───── LISTED RECORDS

(* Let $\omega_5=e^{2\pi i/5}$ and $\phi=(1+\sqrt5)/2$. Let $G'$ be an all-regular substructure of an oriented graph containing $n_\alpha$ alpha unicyclic components, $n_\beta$ beta unicyclic components and no vanishing unicyclic components. Then $$n_\alpha+n_\beta=\log_5\!\big(\det L_{\omega_5}(G')\cdot\det L_{\omega_5^2}(G')\big),\qquad n_\alpha-n_\beta=\log_{\phi^2}\!\left(\frac{\det L_{\omega_5}(G')}{\det L_{\omega_5^2}(G')}\right).$$
   Context: An oriented graph $G=(V,E)$ is a finite directed graph with no loops, no multiple arcs, and no pair of opposite arcs. A substructure is $(V',E')$ with $V'\subseteq V$, $E'\subseteq E$ (arcs may leave $V'$); for $|\omega|=1$ its Hermitian Laplacian $L_\omega((V',E'))$ is the $V'\times V'$ matrix with diagonal entry at $u$ the number of arcs of $E'$ incident with $u$, and $(u,v)$ entry ($u\ne v$) $-\omega$ if some arc of $E'$ goes $u\to v$, $-\overline\omega$ if some arc of $E'$ goes $v\to u$, $0$ otherwise. Its connected components are the classes $V'_i$ of vertices of $V'$ joined by paths (ignoring directions) with vertices in $V'$ and arcs in $E'$, together with the arcs $E'_i$ of $E'$ having an endpoint in $V'_i$; it is all-regular if $|V'_i|=|E'_i|$ for all $i$. A unicyclic component is a component whose arcs have both ends in $V'_i$ and whose underlying graph is connected with exactly one cycle. For a cycle of length $k$, traverse it in the direction for which the number $g$ of arcs against the traversal satisfies $0\le g\le\lfloor k/2\rfloor$. A unicyclic component with cycle length $k$ and such $g$ is alpha if $k-2g\equiv2,3\pmod5$, beta if $k-2g\equiv1,4\pmod5$, vanishing if $k-2g\equiv0\pmod5$. *)

theory Defs
  imports Complex_Main "HOL-Combinatorics.Permutations"
begin
lemma continuous_map_right_shift:
  "continuous_map (KZ_topology K T) (KZ_topology K T) right_shift"
proof (rule continuous_map_into_KZ_topology)
  fix x n assume "x \<in> topspace (KZ_topology K T)"
  then show "right_shift x n \<in> carrier K"
    by (auto simp: topspace_KZ_topology right_shift_def)
next
  have "continuous_map (KZ_topology K T) Dminus
      (\<lambda>x. (\<lambda>a. restrict (\<lambda>n. a (n - 1)) Zminus) (restrict x Zminus))"
    by (rule continuous_map_through_Zminus) (auto simp: PiE_def Pi_def extensional_def Zminus_iff)
  then show "continuous_map (KZ_topology K T) Dminus (\<lambda>x. restrict (right_shift x) Zminus)"
    by (simp add: restrict_def right_shift_def Zminus_iff cong: if_cong)
next
  fix n :: int
  show "continuous_map (KZ_topology K T) T (\<lambda>x. right_shift x n)"
    unfolding right_shift_def by (rule continuous_map_KZ_coordinate)
qed
lemma fps_int_pow_independent:
  fixes q :: "complex fps"
  assumes q0: "q $ 0 = 1" and q1: "q $ 1 \<noteq> 0" and K: "finite K"
    and zero: "(\<Sum>k\<in>K. fps_const (c k) * int_pow q k) = 0"
  shows "\<forall>k\<in>K. c k = 0"
proof -
  define k0 where "k0 = Min (insert 0 K)"
  have k0: "\<forall>k\<in>K. k0 \<le> k" using K by (simp add: k0_def)
  have inj: "inj_on (\<lambda>k. nat (k - k0)) K"
    using k0 by (auto simp: inj_on_def eq_nat_nat_iff)
  have qi: "q * inverse q = 1" by (rule inverse_mult_eq_1') (simp add: q0)
  txt \<open>Multiplying by \<open>q\<^sup>-\<^sup>k\<^sup>0\<close> turns the relation into one between natural powers.\<close>
  have "int_pow q k * int_pow q (- k0) = q ^ nat (k - k0)" if "k \<in> K" for k
    using int_pow_add[OF qi, of k "- k0"] k0 that by (simp add: int_pow_def)
  then have "0 = (\<Sum>k\<in>K. fps_const (c k) * q ^ nat (k - k0))"
    using zero[THEN arg_cong[where f = "\<lambda>x. x * int_pow q (- k0)"]]
    by (simp add: sum_distrib_right mult.assoc)
  also have "\<dots> = (\<Sum>n\<in>(\<lambda>k. nat (k - k0)) ` K. fps_const (c (k0 + int n)) * q ^ n)"
    using k0 by (simp add: sum.reindex[OF inj])
  finally have "\<forall>n\<in>(\<lambda>k. nat (k - k0)) ` K. c (k0 + int n) = 0"
    using fps_powers_independent_on[OF q1 finite_imageI[OF K]] by metis
  then show ?thesis using k0 by auto
qed

section \<open>Weights of the powers of \<open>\<phi>\<close>\<close>

lemma phipow_int_pow: "phipow p k = int_pow (phi p) k"
  by (simp add: phipow_def int_pow_def)

locale phi_flow =
  fixes p :: "complex fls"
  assumes p_nonzero: "p \<noteq> 0"
begin

text \<open>Applying \<open>p(x)\<partial>\<^sub>x\<close> raises the \<open>x\<close>-order by at least \<open>ord p - 1\<close>, so the coefficient
  of \<open>z\<^sup>j\<close> in \<open>\<phi>(x,z)\<^sup>k\<close> has \<open>x\<close>-order at least \<open>k + j * ord_step\<close>.\<close>

definition ord_step :: int where
  "ord_step = fls_subdegree p - 1"

definition weight_ge :: "complex fls fps \<Rightarrow> int \<Rightarrow> bool" where
  "weight_ge P w \<longleftrightarrow> (\<forall>j s. s < w + int j * ord_step \<longrightarrow> P $ j $$ s = 0)"

definition initial_part :: "int \<Rightarrow> complex fls fps \<Rightarrow> complex fps" where
  "initial_part w P = Abs_fps (\<lambda>j. P $ j $$ (w + int j * ord_step))"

──────────

# [EXERCISE INSTRUCTIONS]
Retype each line above with no alterations.

# [EXPECTED ANSWER]
(* Let $\omega_5=e^{2\pi i/5}$ and $\phi=(1+\sqrt5)/2$. Let $G'$ be an all-regular substructure of an oriented graph containing $n_\alpha$ alpha unicyclic components, $n_\beta$ beta unicyclic components and no vanishing unicyclic components. Then $$n_\alpha+n_\beta=\log_5\!\big(\det L_{\omega_5}(G')\cdot\det L_{\omega_5^2}(G')\big),\qquad n_\alpha-n_\beta=\log_{\phi^2}\!\left(\frac{\det L_{\omega_5}(G')}{\det L_{\omega_5^2}(G')}\right).$$
   Context: An oriented graph $G=(V,E)$ is a finite directed graph with no loops, no multiple arcs, and no pair of opposite arcs. A substructure is $(V',E')$ with $V'\subseteq V$, $E'\subseteq E$ (arcs may leave $V'$); for $|\omega|=1$ its Hermitian Laplacian $L_\omega((V',E'))$ is the $V'\times V'$ matrix with diagonal entry at $u$ the number of arcs of $E'$ incident with $u$, and $(u,v)$ entry ($u\ne v$) $-\omega$ if some arc of $E'$ goes $u\to v$, $-\overline\omega$ if some arc of $E'$ goes $v\to u$, $0$ otherwise. Its connected components are the classes $V'_i$ of vertices of $V'$ joined by paths (ignoring directions) with vertices in $V'$ and arcs in $E'$, together with the arcs $E'_i$ of $E'$ having an endpoint in $V'_i$; it is all-regular if $|V'_i|=|E'_i|$ for all $i$. A unicyclic component is a component whose arcs have both ends in $V'_i$ and whose underlying graph is connected with exactly one cycle. For a cycle of length $k$, traverse it in the direction for which the number $g$ of arcs against the traversal satisfies $0\le g\le\lfloor k/2\rfloor$. A unicyclic component with cycle length $k$ and such $g$ is alpha if $k-2g\equiv2,3\pmod5$, beta if $k-2g\equiv1,4\pmod5$, vanishing if $k-2g\equiv0\pmod5$. *)

theory Defs
  imports Complex_Main "HOL-Combinatorics.Permutations"
begin
lemma continuous_map_right_shift:
  "continuous_map (KZ_topology K T) (KZ_topology K T) right_shift"
proof (rule continuous_map_into_KZ_topology)
  fix x n assume "x \<in> topspace (KZ_topology K T)"
  then show "right_shift x n \<in> carrier K"
    by (auto simp: topspace_KZ_topology right_shift_def)
next
  have "continuous_map (KZ_topology K T) Dminus
      (\<lambda>x. (\<lambda>a. restrict (\<lambda>n. a (n - 1)) Zminus) (restrict x Zminus))"
    by (rule continuous_map_through_Zminus) (auto simp: PiE_def Pi_def extensional_def Zminus_iff)
  then show "continuous_map (KZ_topology K T) Dminus (\<lambda>x. restrict (right_shift x) Zminus)"
    by (simp add: restrict_def right_shift_def Zminus_iff cong: if_cong)
next
  fix n :: int
  show "continuous_map (KZ_topology K T) T (\<lambda>x. right_shift x n)"
    unfolding right_shift_def by (rule continuous_map_KZ_coordinate)
qed
lemma fps_int_pow_independent:
  fixes q :: "complex fps"
  assumes q0: "q $ 0 = 1" and q1: "q $ 1 \<noteq> 0" and K: "finite K"
    and zero: "(\<Sum>k\<in>K. fps_const (c k) * int_pow q k) = 0"
  shows "\<forall>k\<in>K. c k = 0"
proof -
  define k0 where "k0 = Min (insert 0 K)"
  have k0: "\<forall>k\<in>K. k0 \<le> k" using K by (simp add: k0_def)
  have inj: "inj_on (\<lambda>k. nat (k - k0)) K"
    using k0 by (auto simp: inj_on_def eq_nat_nat_iff)
  have qi: "q * inverse q = 1" by (rule inverse_mult_eq_1') (simp add: q0)
  txt \<open>Multiplying by \<open>q\<^sup>-\<^sup>k\<^sup>0\<close> turns the relation into one between natural powers.\<close>
  have "int_pow q k * int_pow q (- k0) = q ^ nat (k - k0)" if "k \<in> K" for k
    using int_pow_add[OF qi, of k "- k0"] k0 that by (simp add: int_pow_def)
  then have "0 = (\<Sum>k\<in>K. fps_const (c k) * q ^ nat (k - k0))"
    using zero[THEN arg_cong[where f = "\<lambda>x. x * int_pow q (- k0)"]]
    by (simp add: sum_distrib_right mult.assoc)
  also have "\<dots> = (\<Sum>n\<in>(\<lambda>k. nat (k - k0)) ` K. fps_const (c (k0 + int n)) * q ^ n)"
    using k0 by (simp add: sum.reindex[OF inj])
  finally have "\<forall>n\<in>(\<lambda>k. nat (k - k0)) ` K. c (k0 + int n) = 0"
    using fps_powers_independent_on[OF q1 finite_imageI[OF K]] by metis
  then show ?thesis using k0 by auto
qed

section \<open>Weights of the powers of \<open>\<phi>\<close>\<close>

lemma phipow_int_pow: "phipow p k = int_pow (phi p) k"
  by (simp add: phipow_def int_pow_def)

locale phi_flow =
  fixes p :: "complex fls"
  assumes p_nonzero: "p \<noteq> 0"
begin

text \<open>Applying \<open>p(x)\<partial>\<^sub>x\<close> raises the \<open>x\<close>-order by at least \<open>ord p - 1\<close>, so the coefficient
  of \<open>z\<^sup>j\<close> in \<open>\<phi>(x,z)\<^sup>k\<close> has \<open>x\<close>-order at least \<open>k + j * ord_step\<close>.\<close>

definition ord_step :: int where
  "ord_step = fls_subdegree p - 1"

definition weight_ge :: "complex fls fps \<Rightarrow> int \<Rightarrow> bool" where
  "weight_ge P w \<longleftrightarrow> (\<forall>j s. s < w + int j * ord_step \<longrightarrow> P $ j $$ s = 0)"

definition initial_part :: "int \<Rightarrow> complex fls fps \<Rightarrow> complex fps" where
  "initial_part w P = Abs_fps (\<lambda>j. P $ j $$ (w + int j * ord_step))"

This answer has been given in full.